Rub's last movie role was in 1952's Something for the Birds. He died in Santa Barbara, California one day after his 70th birthday.

Partial filmography 

 The Belle of New York (1919) – (film debut)
 The Trial of Vivienne Ware (1932) – Axel Nordstrom
 The Man from Yesterday (1932) – Swiss Terrace Waiter
 Those We Love (1932) – (uncredited)
 The Crooked Circle (1932) – Old Dan
 Le bluffeur (1932) – Dr.

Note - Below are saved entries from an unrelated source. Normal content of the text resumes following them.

(* Let $\delta\le\frac14$ and let $\mathcal{I}$ be a $\delta$-ONI instance with $n$ agents and $|N^1_1|\le n\left(\frac14-\delta\right)/\left(\frac14+\frac\delta3\right)$. Then every agent $i\in N^1_1$ receives a bag of value at least $\left(\frac34+\delta\right)\mathrm{MMS}_i$ at the end of Algorithm $\mathtt{approxMMS1}(\mathcal{I},\delta)$.
   Context: Instance: agents $[n]$, goods $[m]$, additive valuations; goods with index larger than $m$ are dummy goods of value 0; $\mathrm{MMS}_i$ is the max over partitions of the goods into $n$ bundles of the minimum bundle value for $i$. Ordered: $v_i(1)\ge\dots\ge v_i(m)$ for all $i$. Normalized: every agent $i$ has an MMS partition with all $n$ bundles of value exactly 1 to $i$. $\alpha$-irreducible: for every $i$, $v_i(1)<\alpha$, $v_i(\{2n-1,2n,2n+1\})<\alpha$, $v_i(\{3n-2,\dots,3n+1\})<\alpha$, $v_i(\{1,2n+1\})<\alpha$. $\delta$-ONI: ordered, normalized, $(3/4+\delta)$-irreducible. $B_k=\{k,2n-k+1\}$ ($k\in[n]$); $N^1=\{i:v_i(B_k)\le1\ \forall k\}$; $N^1_1=\{i\in N^1:v_i(2n+1)\ge\frac14-5\delta\}$. Algorithm $\mathtt{approxMMS1}(\mathcal{I},\delta)$: $\alpha=3/4+\delta$, bags $B_1,\dots,B_n$. Phase 1: while some unassigned agent $i$ and unassigned bag $B$ have $v_i(B)\ge\alpha$, assign such $B$ to an agent valuing it at least $\alpha$, choosing an agent of $N^1_1$ whenever one qualifies. Phase 2: process remaining bags one by one; for the current bag $B$, while no unassigned agent values it at least $\alpha$, add an arbitrary unused good with index $>2n$; then assign $B$ to an unassigned agent valuing it at least $\alpha$, preferring $N^1_1$. (If a good must be added but none is left, the algorithm stops.) *)

theory Defs
  imports Complex_Main
begin

text \<open>Agents are 1..n, real goods are 1..m; goods with index > m are dummy goods.
  A valuation profile is v :: nat => nat => real, v i g = value of good g for agent i.\<close>

definition bval :: "(nat \<Rightarrow> nat \<Rightarrow> real) \<Rightarrow> nat \<Rightarrow> nat set \<Rightarrow> real" where
  "bval v i S = (\<Sum>g\<in>S. v i g)"

definition agents :: "nat \<Rightarrow> nat set" where
  "agents n = {1..n}"

definition goods :: "nat \<Rightarrow> nat set" where
  "goods m = {1..m}"

definition is_partition :: "nat \<Rightarrow> nat \<Rightarrow> (nat \<Rightarrow> nat set) \<Rightarrow> bool" where
  "is_partition n m P \<longleftrightarrow>
     (\<Union>j\<in>{1..n}. P j) = goods m \<and>
     (\<forall>j\<in>{1..n}. \<forall>j'\<in>{1..n}. j \<noteq> j' \<longrightarrow> P j \<inter> P j' = {})"

definition min_bundle :: "(nat \<Rightarrow> nat \<Rightarrow> real) \<Rightarrow> nat \<Rightarrow> nat \<Rightarrow> (nat \<Rightarrow> nat set) \<Rightarrow> real" where
  "min_bundle v n i P = Min ((\<lambda>j. bval v i (P j)) ` {1..n})"

definition MMS :: "(nat \<Rightarrow> nat \<Rightarrow> real) \<Rightarrow> nat \<Rightarrow> nat \<Rightarrow> nat \<Rightarrow> real" where
  "MMS v n m i = Max {min_bundle v n i P | P. is_partition n m P}"

definition additive_inst :: "(nat \<Rightarrow> nat \<Rightarrow> real) \<Rightarrow> nat \<Rightarrow> nat \<Rightarrow> bool" where
  "additive_inst v n m \<longleftrightarrow> (\<forall>i\<in>agents n. \<forall>g. v i g \<ge> 0 \<and> (g > m \<longrightarrow> v i g = 0))"

definition ordered :: "(nat \<Rightarrow> nat \<Rightarrow> real) \<Rightarrow> nat \<Rightarrow> nat \<Rightarrow> bool" where
  "ordered v n m \<longleftrightarrow> (\<forall>i\<in>agents n. \<forall>g\<in>goods m. \<forall>g'\<in>goods m. g \<le> g' \<longrightarrow> v i g \<ge> v i g')"

definition normalized :: "(nat \<Rightarrow> nat \<Rightarrow> real) \<Rightarrow> nat \<Rightarrow> nat \<Rightarrow> bool" where
  "normalized v n m \<longleftrightarrow> (\<forall>i\<in>agents n. \<exists>P. is_partition n m P \<and>
      min_bundle v n i P = MMS v n m i \<and> (\<forall>j\<in>{1..n}. bval v i (P j) = 1))"

definition irreducible :: "real \<Rightarrow> (nat \<Rightarrow> nat \<Rightarrow> real) \<Rightarrow> nat \<Rightarrow> bool" where
  "irreducible \<alpha> v n \<longleftrightarrow> (\<forall>i\<in>agents n.
      v i 1 < \<alpha> \<and>
      bval v i {2*n-1, 2*n, 2*n+1} < \<alpha> \<and>
      bval v i {3*n-2..3*n+1} < \<alpha> \<and>
      bval v i {1, 2*n+1} < \<alpha>)"

definition ONI :: "real \<Rightarrow> (nat \<Rightarrow> nat \<Rightarrow> real) \<Rightarrow> nat \<Rightarrow> nat \<Rightarrow> bool" where
  "ONI \<delta> v n m \<longleftrightarrow> additive_inst v n m \<and> ordered v n m \<and> normalized v n m \<and>
      irreducible (3/4 + \<delta>) v n"

definition initbag :: "nat \<Rightarrow> nat \<Rightarrow> nat set" where
  "initbag n k = {k, 2*n - k + 1}"

definition N1 :: "(nat \<Rightarrow> nat \<Rightarrow> real) \<Rightarrow> nat \<Rightarrow> nat set" where
  "N1 v n = {i\<in>agents n. \<forall>k\<in>{1..n}. bval v i (initbag n k) \<le> 1}"

definition N11 :: "(nat \<Rightarrow> nat \<Rightarrow> real) \<Rightarrow> nat \<Rightarrow> real \<Rightarrow> nat set" where
  "N11 v n \<delta> = {i\<in>N1 v n. v i (2*n+1) \<ge> 1/4 - 5*\<delta>}"

text \<open>State of algorithm approxMMS1: phase (1 or 2), assignment of bags to agents,
  current contents of each bag (indexed 1..n), indices of unassigned bags, the bag currently
  processed in phase 2, and the pool of unused goods with index > 2n.\<close>

record st =
  ph :: nat
  asg :: "nat \<Rightarrow> nat set option"
  bag :: "nat \<Rightarrow> nat set"
  rem :: "nat set"
  cur :: "nat option"
  pool :: "nat set"

definition init_st :: "nat \<Rightarrow> nat \<Rightarrow> st" where
  "init_st n m = \<lparr>ph = 1, asg = (\<lambda>_. None), bag = initbag n, rem = {1..n}, cur = None,
                 pool = {2*n+1..m}\<rparr>"

inductive alg_step :: "(nat \<Rightarrow> nat \<Rightarrow> real) \<Rightarrow> nat \<Rightarrow> real \<Rightarrow> st \<Rightarrow> st \<Rightarrow> bool"
  for v n \<delta> where
  p1_assign: "\<lbrakk> ph s = 1; i \<in> agents n; asg s i = None; k \<in> rem s;
      bval v i (bag s k) \<ge> 3/4 + \<delta>;
      (\<exists>j\<in>N11 v n \<delta>. asg s j = None \<and> bval v j (bag s k) \<ge> 3/4 + \<delta>) \<longrightarrow> i \<in> N11 v n \<delta> \<rbrakk>
    \<Longrightarrow> alg_step v n \<delta> s (s\<lparr>asg := (asg s)(i := Some (bag s k)), rem := rem s - {k}\<rparr>)"
| p1_end: "\<lbrakk> ph s = 1;
      \<not> (\<exists>i\<in>agents n. \<exists>k\<in>rem s. asg s i = None \<and> bval v i (bag s k) \<ge> 3/4 + \<delta>) \<rbrakk>
    \<Longrightarrow> alg_step v n \<delta> s (s\<lparr>ph := 2\<rparr>)"
| p2_select: "\<lbrakk> ph s = 2; cur s = None; k \<in> rem s \<rbrakk>
    \<Longrightarrow> alg_step v n \<delta> s (s\<lparr>cur := Some k\<rparr>)"
| p2_add: "\<lbrakk> ph s = 2; cur s = Some k;
      \<not> (\<exists>i\<in>agents n. asg s i = None \<and> bval v i (bag s k) \<ge> 3/4 + \<delta>); g \<in> pool s \<rbrakk>
    \<Longrightarrow> alg_step v n \<delta> s (s\<lparr>bag := (bag s)(k := bag s k \<union> {g}), pool := pool s - {g}\<rparr>)"
| p2_assign: "\<lbrakk> ph s = 2; cur s = Some k; i \<in> agents n; asg s i = None;
      bval v i (bag s k) \<ge> 3/4 + \<delta>;
      (\<exists>j\<in>N11 v n \<delta>. asg s j = None \<and> bval v j (bag s k) \<ge> 3/4 + \<delta>) \<longrightarrow> i \<in> N11 v n \<delta> \<rbrakk>
    \<Longrightarrow> alg_step v n \<delta> s (s\<lparr>asg := (asg s)(i := Some (bag s k)), rem := rem s - {k},
                              cur := None\<rparr>)"

definition final_state :: "(nat \<Rightarrow> nat \<Rightarrow> real) \<Rightarrow> nat \<Rightarrow> nat \<Rightarrow> real \<Rightarrow> st \<Rightarrow> bool" where
  "final_state v n m \<delta> s \<longleftrightarrow>
     (alg_step v n \<delta>)\<^sup>*\<^sup>* (init_st n m) s \<and> \<not> (\<exists>s'. alg_step v n \<delta> s s')"

end

theory Submission
  imports Defs
begin

(* Fix an agent i of N11 and suppose it is never served. While i waits, every bag is worth at
   most max 1 (3/4 + \<delta> + v i (2n+1)) to i: the initial bags are worth at most 1 since
   i \<in> N1, and a bag only receives a good (worth at most v i (2n+1), goods being ordered)
   while i values it below 3/4 + \<delta>. Moreover, by the preference rule, every bag that i
   values at least 3/4 + \<delta> is handed to an agent of N11. In a final state the pool is empty
   and the current bag is worth less than 3/4 + \<delta> to i, so among the n bags, of total value
   n to i, at most |N11| reach the threshold and at least one stays below it. As
   3 v i (2n+1) < 3/4 + \<delta> by irreducibility, the bound on |N11| makes this total less
   than n. Finally, served agents get bags worth at least 3/4 + \<delta>, and MMS_i = 1 by
   normalization. *)

lemma N11_subset_agents: "N11 v n \<delta> \<subseteq> agents n"
  by (auto simp: N11_def N1_def)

Rudolph Pfeiffer – Inventor
 Silver Dollar (1932) – Rische
 Secrets of the French Police (1932) – Anton Dorain
 No Other Woman (1933) – Eli Bogavitch
 The Billion Dollar Scandal (1933) – Locksmith Convict (uncredited)
 Luxury Liner (1933) – Peasant Father
 Humanity (1933) – Schmiddy
 The Mind Reader (1933) – Printer (uncredited)
 The Kiss Before the Mirror (1933) – Man on the Wrong Floor
 Mary Stevens, M.D. (1933) – Gus – Mary's Janitor
 Tugboat Annie (1933) – Sailor (uncredited)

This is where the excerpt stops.